Serbian paramilitaries quickly responded by setting up barricades in the center of the city, but the peaceful demonstrations that followed helped defuse the situation.
But across the country, sporadic fighting was breaking out, and when Serb policemen killed two officers and a civilian, a state of emergency was declared and the Serbs rebuilt their barricades.
This time, protests were futile and, on April 5, Suada Dilberovic, a Muslim, and Olga Sucic, a Catholic, were shot by gunmen as they crossed the Vrbanja Bridge, which spans the Miljacka River and joined the city's two sides for centuries.
"Those demonstrations were fascinating because they gathered a great number of citizens, tens of thousands, who, unarmed, went out of their homes and said that they didn't want war, that they wanted peace, who wanted to stop all that and believed that they could do it as citizens," Mustafic says.
"They quickly realized after shots were fired from the Holiday Inn hotel as to what our reality was: that the logic of soldiers, of military boots, gunpowder will defeat our desire that there be no war."
Without fresh water, power, or food, Mustafic and tens of thousands of his fellow Sarajevans would endure almost four years of daily fire from heavy artillery and snipers in the once-idyllic nearby hills.
Onetime Bosnian Serb commander Stanislav Galic stood trial for his part in the 1,425-day siege of the city and acknowledged the ferocity of the military action -- the term ethnic cleansing arose from the conflict in Bosnia -- he was directing.
"For a citizen of Sarajevo, there was no place to hide from the attacks. He wasn't safe at home, in schools, or in hospitals," he said during his trial at the International Criminal Tribunal for the former Yugoslavia in The Hague. In December 2003, Galic was sentenced to 20 years in prison by the court.
Though he was on the other side of the gun barrel, filmmaker Nihad Kresevljakovic agrees with Galic's assessment.
He, too, lived through the siege and has stayed in Sarajevo. At times during the onslaught he would look up at the peaks surrounding the city wondering if, and when, the shells would stop raining down.

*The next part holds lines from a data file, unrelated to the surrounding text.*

(* Let $x \in \mathbb{R}^p$ be a random vector that follows the block-independent model with blocks of sizes $d_j$, and let $K = \max_{1\le i \le p} \mathbb{E}x_i^4$ be the largest fourth moment of the entries of $x$. Then for every deterministic matrix $A \in \mathbb{R}^{p\times p}$, $$\operatorname{Var}(x^\mathsf{T} A x) \le \|A\|^2\Big(K\sum_j d_j^2 + 2p\Big),$$ where $\|A\|$ is the spectral (operator) norm.
   Context: Block-independent model: a random vector $x \in \mathbb{R}^p$ follows the block-independent model with blocks of sizes $d_j$ if $\mathbb{E}x = 0$, $\mathbb{E} x x^\mathsf{T} = I_p$ (isotropy), and the coordinate index set $[p]$ is partitioned into disjoint blocks $I_1, I_2,\dots$ with $|I_j| = d_j$ such that the sub-vectors $(x_i)_{i \in I_j}$, $j=1,2,\dots$, are mutually independent (entries within the same block may be dependent). *)

theory Defs
  imports "HOL-Analysis.Analysis" "HOL-Probability.Probability"
begin

text \<open>Block-independent model for a random vector x in R^p, where the coordinate
index set is the finite type 'n (p = CARD('n)) and P is the partition of the
coordinates into blocks.\<close>

definition block_independent_model ::
  "'a measure \<Rightarrow> ('a \<Rightarrow> real^'n::finite) \<Rightarrow> 'n set set \<Rightarrow> bool" where
  "block_independent_model M x P \<longleftrightarrow>
     prob_space M \<and>
     x \<in> borel_measurable M \<and>
     (\<forall>i. integrable M (\<lambda>\<omega>. x \<omega> $ i) \<and> integral\<^sup>L M (\<lambda>\<omega>. x \<omega> $ i) = 0) \<and>
     (\<forall>i j. integrable M (\<lambda>\<omega>. x \<omega> $ i * x \<omega> $ j) \<and>
            integral\<^sup>L M (\<lambda>\<omega>. x \<omega> $ i * x \<omega> $ j) = (if i = j then 1 else 0)) \<and>
     partition_on UNIV P \<and>
     prob_space.indep_vars M (\<lambda>B. Pi\<^sub>M B (\<lambda>_. borel))
        (\<lambda>B \<omega>. restrict (\<lambda>i. x \<omega> $ i) B) P"

definition var_of :: "'a measure \<Rightarrow> ('a \<Rightarrow> real) \<Rightarrow> real" where
  "var_of M X = integral\<^sup>L M (\<lambda>\<omega>. (X \<omega> - integral\<^sup>L M X)\<^sup>2)"

end

theory Submission
  imports Defs
begin

text \<open>
  Write Q = x^T A x = sum a_ij x_i x_j, so that Var Q = sum a_ij a_kl (E x_i x_j x_k x_l - d_ij d_kl)
  with d the Kronecker delta. Zero means, isotropy and independence across blocks determine every
  fourth moment whose indices do not all lie in one block: it equals
  d_ij d_kl + [i, j in different blocks] (d_ik d_jl + d_il d_jk).
  Hence Var Q = sum_B Var Q_B + sum over i, j in different blocks of (a_ij^2 + a_ij a_ji), where Q_B is
  the quadratic form of x restricted to the block B. The first sum is at most
  sum_B E Q_B^2 <= ||A||^2 sum_B E |x_B|^4 <= ||A||^2 K sum_B d_B^2, and the second at most
  2 ||A||_F^2 <= 2 p ||A||^2.
\<close>

lemma abs_mult4_le_sum_power4:
  fixes a b c d :: real
  shows "\<bar>a * b * c * d\<bar> \<le> (a ^ 4 + b ^ 4 + c ^ 4 + d ^ 4) / 4"
proof -
  have am_gm: "u * v \<le> (u\<^sup>2 + v\<^sup>2) / 2" for u v :: real
    using sum_squares_bound[of u v] by (simp add: field_simps)
  have "\<bar>a * b * c * d\<bar> = \<bar>a * b\<bar> * \<bar>c * d\<bar>" by (simp add: abs_mult)
  also have "\<dots> \<le> ((a\<^sup>2 + b\<^sup>2) / 2) * ((c\<^sup>2 + d\<^sup>2) / 2)"
    using am_gm[of "\<bar>a\<bar>" "\<bar>b\<bar>"] am_gm[of "\<bar>c\<bar>" "\<bar>d\<bar>"]
    by (intro mult_mono) (auto simp: abs_mult)
  also have "\<dots> \<le> (((a\<^sup>2 + b\<^sup>2) / 2)\<^sup>2 + ((c\<^sup>2 + d\<^sup>2) / 2)\<^sup>2) / 2"
    by (rule am_gm)
  also have "\<dots> \<le> (a ^ 4 + b ^ 4 + c ^ 4 + d ^ 4) / 4"
  proof -
    have "(u\<^sup>2 + v\<^sup>2)\<^sup>2 \<le> 2 * (u ^ 4 + v ^ 4)" for u v :: real
      using sum_squares_bound[of "u\<^sup>2" "v\<^sup>2"]
      by (simp add: power2_eq_square power4_eq_xxxx algebra_simps)
    from this[of a b] this[of c d] show ?thesis by (simp add: power_divide)
  qed
  finally show ?thesis .
qed

lemma abs_prod_list_le_one_plus_sum_power4:
  fixes f :: "'n::finite \<Rightarrow> real"
  assumes "length L \<le> 4"
  shows "\<bar>prod_list (map f L)\<bar> \<le> 1 + (\<Sum>m\<in>UNIV. f m ^ 4)"
proof -
  define L' where "L' = map f L @ replicate (4 - length L) 1"
  have "f m ^ 4 \<le> (\<Sum>m\<in>UNIV. f m ^ 4)" for m
    by (rule member_le_sum) auto
  then have "f m ^ 4 \<le> 1 + (\<Sum>m\<in>UNIV. f m ^ 4)" for m
    by (rule add_increasing[OF zero_le_one])
  moreover have "0 \<le> (\<Sum>m\<in>UNIV. f m ^ 4)" by (intro sum_nonneg) simp
  ultimately have power4_le: "e ^ 4 \<le> 1 + (\<Sum>m\<in>UNIV. f m ^ 4)" if "e \<in> set L'" for e
    using that by (auto simp: L'_def)
  have "length L' = 4" using assms by (simp add: L'_def)
  then obtain a b c d where L': "L' = [a, b, c, d]"
    by (auto simp: length_Suc_conv numeral_eq_Suc)
  have "prod_list (map f L) = prod_list L'" by (simp add: L'_def)
  then have "\<bar>prod_list (map f L)\<bar> = \<bar>a * b * c * d\<bar>" by (simp add: L' mult.assoc)
  also have "\<dots> \<le> (a ^ 4 + b ^ 4 + c ^ 4 + d ^ 4) / 4" by (rule abs_mult4_le_sum_power4)
  also have "\<dots> \<le> 1 + (\<Sum>m\<in>UNIV. f m ^ 4)"
    using power4_le[of a] power4_le[of b] power4_le[of c] power4_le[of d] by (simp add: L')
  finally show ?thesis .
qed

lemma power2_double_sum:
  fixes t :: "'i \<Rightarrow> 'j \<Rightarrow> 'b::comm_semiring_1"
  shows "(\<Sum>i\<in>I. \<Sum>j\<in>J. t i j)\<^sup>2 = (\<Sum>i\<in>I. \<Sum>j\<in>J. \<Sum>k\<in>I. \<Sum>l\<in>J. t i j * t k l)"
  by (simp only: power2_eq_square sum_distrib_right) (simp only: sum_distrib_left)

"The lines of these mountains and hills around Sarajevo were the borders of the universe for us down here," he recalls as he sits on Vrbanja Bridge.
"Somehow, it is like you are observing this painting and after years of siege you start wondering whether there is anything beyond those lines. Really, that sensation of the siege is linked to this image of the horizon and city borders."
In October 1995, the siege was finally lifted by a cease-fire agreement. Two months later, the Dayton peace accords split Bosnia into two highly autonomous regions with power in the country divided along ethnic lines.
Though the fighting has long stopped, tensions still simmer just below the surface. Even a stroll through Sarajevo today evokes mixed feelings.
Amid new buildings, shopping centers, and a constant stream of the newest-model cars zipping through the streets, reminders of the siege are everywhere.
Cemeteries, hit hard by the mortars fired from the hills above, now crop up in the oddest of places: a soccer field, a park, a garden. They show the indiscriminate toll inflicted by 14 months of nearly continuous shelling.
For Mustafic, the memories of his childhood playground in the Trebevic hills high above have yet to overtake the nightmares founded on his experience down in the city during the siege. But he's trying.
"I will strive, because of the generations that will come after us, to tell everything as it was. But also to find in myself the strength to wake up all those memories which will recall in me the sense of beauty and life which I also know, and that is life in peace, in harmony, in unity," he says.
"And I really want Trebevic -- I think it is gradually recovering -- to again become the spot that it was before the war."